→ **Data for review**

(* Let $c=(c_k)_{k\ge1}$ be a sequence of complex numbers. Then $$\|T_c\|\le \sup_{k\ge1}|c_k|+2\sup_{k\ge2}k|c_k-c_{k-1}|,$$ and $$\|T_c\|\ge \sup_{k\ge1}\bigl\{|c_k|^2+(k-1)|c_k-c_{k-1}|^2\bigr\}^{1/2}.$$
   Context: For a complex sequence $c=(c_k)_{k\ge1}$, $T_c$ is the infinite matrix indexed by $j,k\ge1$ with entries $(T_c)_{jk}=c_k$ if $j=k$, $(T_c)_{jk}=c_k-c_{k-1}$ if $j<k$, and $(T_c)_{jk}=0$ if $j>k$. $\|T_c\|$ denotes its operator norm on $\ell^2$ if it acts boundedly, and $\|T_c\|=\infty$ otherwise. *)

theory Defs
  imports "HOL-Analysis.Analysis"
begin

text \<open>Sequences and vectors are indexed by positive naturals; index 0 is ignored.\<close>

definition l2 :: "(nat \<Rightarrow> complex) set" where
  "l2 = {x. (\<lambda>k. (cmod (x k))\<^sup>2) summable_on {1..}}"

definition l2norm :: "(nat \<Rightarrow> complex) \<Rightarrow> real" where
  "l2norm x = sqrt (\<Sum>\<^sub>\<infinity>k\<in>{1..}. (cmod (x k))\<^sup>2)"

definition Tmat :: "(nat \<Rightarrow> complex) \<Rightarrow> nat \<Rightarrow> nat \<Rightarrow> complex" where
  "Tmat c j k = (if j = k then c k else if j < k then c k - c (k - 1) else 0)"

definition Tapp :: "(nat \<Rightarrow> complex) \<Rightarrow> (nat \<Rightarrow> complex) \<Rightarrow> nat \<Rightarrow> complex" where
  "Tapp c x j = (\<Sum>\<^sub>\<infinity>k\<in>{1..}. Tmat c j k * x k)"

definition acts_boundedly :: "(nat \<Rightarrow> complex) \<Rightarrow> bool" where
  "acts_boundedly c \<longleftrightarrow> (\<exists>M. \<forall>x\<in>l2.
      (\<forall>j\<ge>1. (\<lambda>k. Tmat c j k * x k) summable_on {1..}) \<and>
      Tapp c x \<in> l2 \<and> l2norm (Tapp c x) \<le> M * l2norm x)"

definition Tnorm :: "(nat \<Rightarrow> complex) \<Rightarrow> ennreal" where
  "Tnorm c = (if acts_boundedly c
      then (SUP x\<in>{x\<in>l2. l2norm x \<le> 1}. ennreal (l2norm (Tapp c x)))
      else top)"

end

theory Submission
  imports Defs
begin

→ **Instructions to follow**
Output all of the material exactly as written.

→ **Task response**
(* Let $c=(c_k)_{k\ge1}$ be a sequence of complex numbers. Then $$\|T_c\|\le \sup_{k\ge1}|c_k|+2\sup_{k\ge2}k|c_k-c_{k-1}|,$$ and $$\|T_c\|\ge \sup_{k\ge1}\bigl\{|c_k|^2+(k-1)|c_k-c_{k-1}|^2\bigr\}^{1/2}.$$
   Context: For a complex sequence $c=(c_k)_{k\ge1}$, $T_c$ is the infinite matrix indexed by $j,k\ge1$ with entries $(T_c)_{jk}=c_k$ if $j=k$, $(T_c)_{jk}=c_k-c_{k-1}$ if $j<k$, and $(T_c)_{jk}=0$ if $j>k$. $\|T_c\|$ denotes its operator norm on $\ell^2$ if it acts boundedly, and $\|T_c\|=\infty$ otherwise. *)

theory Defs
  imports "HOL-Analysis.Analysis"
begin

text \<open>Sequences and vectors are indexed by positive naturals; index 0 is ignored.\<close>

definition l2 :: "(nat \<Rightarrow> complex) set" where
  "l2 = {x. (\<lambda>k. (cmod (x k))\<^sup>2) summable_on {1..}}"

definition l2norm :: "(nat \<Rightarrow> complex) \<Rightarrow> real" where
  "l2norm x = sqrt (\<Sum>\<^sub>\<infinity>k\<in>{1..}. (cmod (x k))\<^sup>2)"

definition Tmat :: "(nat \<Rightarrow> complex) \<Rightarrow> nat \<Rightarrow> nat \<Rightarrow> complex" where
  "Tmat c j k = (if j = k then c k else if j < k then c k - c (k - 1) else 0)"

definition Tapp :: "(nat \<Rightarrow> complex) \<Rightarrow> (nat \<Rightarrow> complex) \<Rightarrow> nat \<Rightarrow> complex" where
  "Tapp c x j = (\<Sum>\<^sub>\<infinity>k\<in>{1..}. Tmat c j k * x k)"

definition acts_boundedly :: "(nat \<Rightarrow> complex) \<Rightarrow> bool" where
  "acts_boundedly c \<longleftrightarrow> (\<exists>M. \<forall>x\<in>l2.
      (\<forall>j\<ge>1. (\<lambda>k. Tmat c j k * x k) summable_on {1..}) \<and>
      Tapp c x \<in> l2 \<and> l2norm (Tapp c x) \<le> M * l2norm x)"

definition Tnorm :: "(nat \<Rightarrow> complex) \<Rightarrow> ennreal" where
  "Tnorm c = (if acts_boundedly c
      then (SUP x\<in>{x\<in>l2. l2norm x \<le> 1}. ennreal (l2norm (Tapp c x)))
      else top)"

end

theory Submission
  imports Defs
begin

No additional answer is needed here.